Il ne s’agit pas cependant de tomber dans l’excès inverse : le « bio-centrisme » qui risque de réduire à néant la spécificité de l’être humain créé à l’image de Dieu ainsi que la vocation qui en découle. « On ne peut pas exiger de l’être humain un engagement respectueux envers le monde si on ne reconnaît pas et ne valorise pas en même temps ses capacités particulières de connaissance, de volonté, de liberté et de responsabilité. » Le pape opte donc pour une troisième voie de « réciprocité responsable entre l’être humain et la nature », qui se déploie entre l’intendant et le liturge. D’un côté, l’« administrateur responsable » chargé de « cultiver et garder » le jardin de la création (Gn 2,15). De l’autre, l’être eucharistique qui « embrasse le monde à un niveau différent », œuvre à « unir » la création avec le Créateur, à célébrer les « saintes noces » de la terre avec le ciel.

Impulsion et dialogue
Sur ces différents points, François donne une impulsion forte pour un renouveau de la théologie de la création, « parent pauvre » de la pensée catholique, ainsi que l’a reconnu à Saint-Etienne le cardinal Barbarin, archevêque de Lyon. Pour contribuer de manière féconde au changement de paradigme requis, ce chantier devra obéir à deux conditions. D’abord, être ouvert et dynamique, c’est-à-dire - ainsi que le souhaite le pape - en dialogue et synergie avec les autres traditions de sagesse, la science et les écologistes. Ensuite, s’incarner dans une « attitude du cœur » pleine de gratitude et d’« attention sereine », « un style de vie prophétique et contemplatif » permettant de passer de l’avidité à la sobriété, dans la conscience que l’« on peut vivre intensément avec peu » et que le bonheur « requiert de savoir limiter certains besoins qui nous abrutissent, en nous rendant ainsi disponibles aux multiples possibilités qu’offre la vie ».

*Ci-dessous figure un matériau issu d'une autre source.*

lemma impulse_nonneg: "continuous_on {0..c} w \<Longrightarrow> r \<in> {0..c} \<Longrightarrow> 0 \<le> impulse w r"
  unfolding impulse_def by (rule integral_nonneg[OF force_integrable]) (auto intro: force_nonneg)

lemma impulse_diff:
  assumes "continuous_on {0..c} w" "0 \<le> x" "x \<le> y" "y \<le> c"
  shows "impulse w y - impulse w x = integral {x..y} (force w)"
  using Henstock_Kurzweil_Integration.integral_combine[OF assms(2,3)
      force_integrable[OF assms(1) order_refl assms(4)]] assms
  unfolding impulse_def by simp

lemma impulse_mono:
  assumes "continuous_on {0..c} w" "0 \<le> x" "x \<le> y" "y \<le> c"
  shows "impulse w x \<le> impulse w y"
  using integral_nonneg[OF force_integrable[OF assms(1,2,4)]] force_nonneg assms
    impulse_diff[OF assms] by auto

lemma picard_diff:
  assumes "continuous_on {0..c} w" "0 \<le> x" "x \<le> y" "y \<le> c"
  shows "picard a w y - picard a w x = a * (y - x) - integral {x..y} (impulse w)"
  using Henstock_Kurzweil_Integration.integral_combine[OF assms(2,3)
      impulse_integrable[OF assms(1) order_refl assms(4)]] assms
  unfolding picard_def by (simp add: algebra_simps)

lemma picard_cong:
  "(\<And>t. t \<in> {0..c} \<Longrightarrow> v t = w t) \<Longrightarrow> s \<in> {0..c} \<Longrightarrow> picard a v s = picard a w s"
  unfolding picard_def impulse_def force_def
  by (intro arg_cong2[where f = "(-)"] refl integral_cong) auto

text \<open>Bielecki's trick: measured with the weight \<open>exp (weight_rate * t)\<close>, the Picard operator
  is a contraction with constant 1/2 on the whole interval \<open>[0, c]\<close>, however large \<open>c\<close> is.\<close>

definition weight_rate :: real where
  "weight_rate = sqrt (2 * H * (p * M powr (p - 1)) + 1)"

lemma weight_rate_pos: "0 < weight_rate"
  using H_nonneg p_ge_1 unfolding weight_rate_def by (simp add: add_nonneg_pos)

lemma weight_rate_bound: "H * (p * M powr (p - 1)) \<le> weight_rate\<^sup>2 / 2"
  using H_nonneg p_ge_1 unfolding weight_rate_def by simp
(* Let $G$ be a strongly connected directed graph on a finite vertex set (self-loops allowed) and let $\beta$ be a balanced graph function on $G$. Then $\beta$ is the unique balanced graph function in its equivalence class if and only if the graph $G_\beta^w$ is strongly connected for every real $w$.
   Context: A graph function on $G$ assigns a real weight $\beta_{uv}$ to every edge $(u,v)$ of $G$. For a vertex $v$, $\beta_v^{\text{in}}=\max_{u:(u,v)\in G}\beta_{uv}$ and $\beta_v^{\text{out}}=\max_{w:(v,w)\in G}\beta_{vw}$; $\beta$ is balanced if $\beta_v^{\text{in}}=\beta_v^{\text{out}}$ for all $v$. Two graph functions $\alpha,\gamma$ on $G$ are equivalent if $\sum_{\ell=1}^k(\alpha_{v_\ell v_{\ell+1}}-\gamma_{v_\ell v_{\ell+1}})=0$ for every directed cycle $(v_1,\dots,v_k)$ of $G$ (with $v_{k+1}=v_1$). For real $w$, $G_\beta^w$ is the subgraph of $G$ consisting of the edges $(u,v)$ with $\beta_{uv}\ge w$, with isolated vertices removed (a vertex carrying a self-loop is not considered isolated). *)

theory Defs
  imports Main "HOL-Library.Extended_Real"
begin

text \<open>A graph function is a map
beta :: 'a => 'a => real; only its values on edges of E matter.\<close>

definition strongly_connected :: "'a set \<Rightarrow> ('a \<times> 'a) set \<Rightarrow> bool" where
  "strongly_connected V E \<longleftrightarrow> (\<forall>u\<in>V. \<forall>v\<in>V. (u, v) \<in> E\<^sup>*)"

definition beta_in :: "('a \<times> 'a) set \<Rightarrow> ('a \<Rightarrow> 'a \<Rightarrow> real) \<Rightarrow> 'a \<Rightarrow> real" where
  "beta_in E \<beta> v = Max {\<beta> u v | u. (u, v) \<in> E}"

definition beta_out :: "('a \<times> 'a) set \<Rightarrow> ('a \<Rightarrow> 'a \<Rightarrow> real) \<Rightarrow> 'a \<Rightarrow> real" where
  "beta_out E \<beta> v = Max {\<beta> v w | w. (v, w) \<in> E}"
(* Let $V$ be a finite set of variables, let $D_{\mathit{ds}}$ be the causal ABA framework defined in the context, let $\sigma\in\{\text{preferred},\text{stable}\}$, let $S\in\sigma(D_{\mathit{ds}})$ and let $G(S)=(V,\{(u,v)\mid\mathit{arr}_{uv}\in S\})$. Then for all distinct $x,y\in V$ and all $\mathbf Z\subseteq V\setminus\{x,y\}$: $(x\perp\!\!\!\perp y\mid\mathbf Z)\in S$ if and only if $x$ and $y$ are d-separated given $\mathbf Z$ in $G(S)$.
   Context: ABA. An ABA framework is $D=(\mathcal L,\mathcal R,\mathcal A,\overline{\cdot})$ with sentences $\mathcal L$, rules $a_0\leftarrow a_1,\dots,a_n$ ($n\ge0$), assumptions $\mathcal A\subseteq\mathcal L$ and contrary function $\overline{\cdot}:\mathcal A\to\mathcal L$. $S\vdash q$ ($S\subseteq\mathcal A$) if there is a finite rooted labelled tree with root $q$, set of leaf labels $S$ or $S\cup\{\top\}$, and every inner node labelled by the head of a rule whose children are labelled by the distinct body elements (one child $\top$ for an empty body). $S$ attacks $T$ if some $S'\subseteq S$ derives $\overline a$ for some $a\in T$. Conflict-free: does not attack itself; $S$ defends $T$ if it attacks every attacker of $T$; admissible: conflict-free and self-defending; complete: admissible and contains every assumption set it defends; preferred: $\subseteq$-maximal complete; stable: admissible and attacks $\{a\}$ for every assumption $a\notin S$. Graphs. A path in a directed graph is a sequence of distinct nodes with consecutive nodes adjacent; an inner node $x_i$ of a path $x_1\dots x_n$ is a collider if $(x_{i-1},x_i)$ and $(x_{i+1},x_i)$ are edges; $z'$ is a descendant of $z$ if there is a directed path from $z$ to $z'$. For a DAG $H$ and $\mathbf Z\subseteq V\setminus\{x,y\}$, an $x$-$y$-path is $\mathbf Z$-active if every collider on it is in $\mathbf Z$ or has a descendant in $\mathbf Z$, and every other node on it is not in $\mathbf Z$; $x,y$ are d-separated given $\mathbf Z$ if no $\mathbf Z$-active $x$-$y$-path exists. An $x$-$y$-collider-tree of a DAG $H$ is a subgraph $t$ of $H$ together with an $x$-$y$-path $p_t$ in $t$ such that every node of $t$ not on $p_t$ is a descendant of some collider of $p_t$; it is $\mathbf Z$-active if $p_t$ is $\mathbf Z$-active in the graph $(V,\text{edges of }t)$. The framework $D_{\mathit{ds}}$. Assumptions: $\mathit{arr}_{xy}$ for all ordered pairs of distinct $x,y\in V$; one $\mathit{noe}_{xy}=\mathit{noe}_{yx}$ per unordered pair; and independence assumptions $(x\perp\!\!\!\perp y\mid\mathbf Z)$ for all $\mathbf Z\subseteq V$, distinct $x,y\in V\setminus\mathbf Z$, with $(x\perp\!\!\!\perp y\mid\mathbf Z)$ identified with $(y\perp\!\!\!\perp x\mid\mathbf Z)$. Each assumption $a$ has its own distinct fresh contrary $\overline a$. Rules: (i) $\overline a\leftarrow b$ for distinct $a,b\in\{\mathit{arr}_{xy},\mathit{arr}_{yx},\mathit{noe}_{xy}\}$; (ii) for every sequence $x_1\dots x_k$ with consecutive elements distinct and $x_1=x_k$ and every $1\le i<k$: $\overline{\mathit{arr}_{x_ix_{i+1}}}\leftarrow\mathit{arr}_{x_1x_2},\dots,\mathit{arr}_{x_{k-1}x_k}$; (iii) $\mathit{dpath}_{xy}\leftarrow\mathit{arr}_{xy}$; $\mathit{dpath}_{xz}\leftarrow\mathit{dpath}_{xy},\mathit{arr}_{yz}$; $e_{xy}\leftarrow\mathit{arr}_{xy}$; $e_{xy}\leftarrow\mathit{arr}_{yx}$; $\overline{\mathit{noe}_{xy}}\leftarrow e_{xy}$; (iv) for all distinct $x,y$, $\mathbf Z\subseteq V\setminus\{x,y\}$ and every $\mathbf Z$-active $x$-$y$-collider-tree $t$ (of any DAG on $V$), the rule $\overline{(x\perp\!\!\!\perp y\mid\mathbf Z)}\leftarrow\{\mathit{arr}_{uv}\mid(u,v)\text{ an edge of }t\}$. *)

theory Defs
  imports Main
begin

[1] Michel Maxime Egger est l'auteur de plusieurs ouvrages traitant de l’homme et l’environnement, dont Soigner l’esprit, guérir la Terre (voir choisir n° 669, septembre 2015, p. 41). (n.d.l.r.)
[2] Voir l’article de Stefan Salzmann, aux pp. 21-23 de ce numéro. (n.d.l.r.)
[3] C’est aussi une vision d’Ignace de Loyola qui, dans sa « Contemplation pour obtenir l’amour » des Exercices, invite les retraitants à voir toute la création et l’histoire comme un don de Dieu, une œuvre de Dieu, une présence de Dieu et une participation à Dieu. (n.d.l.r.)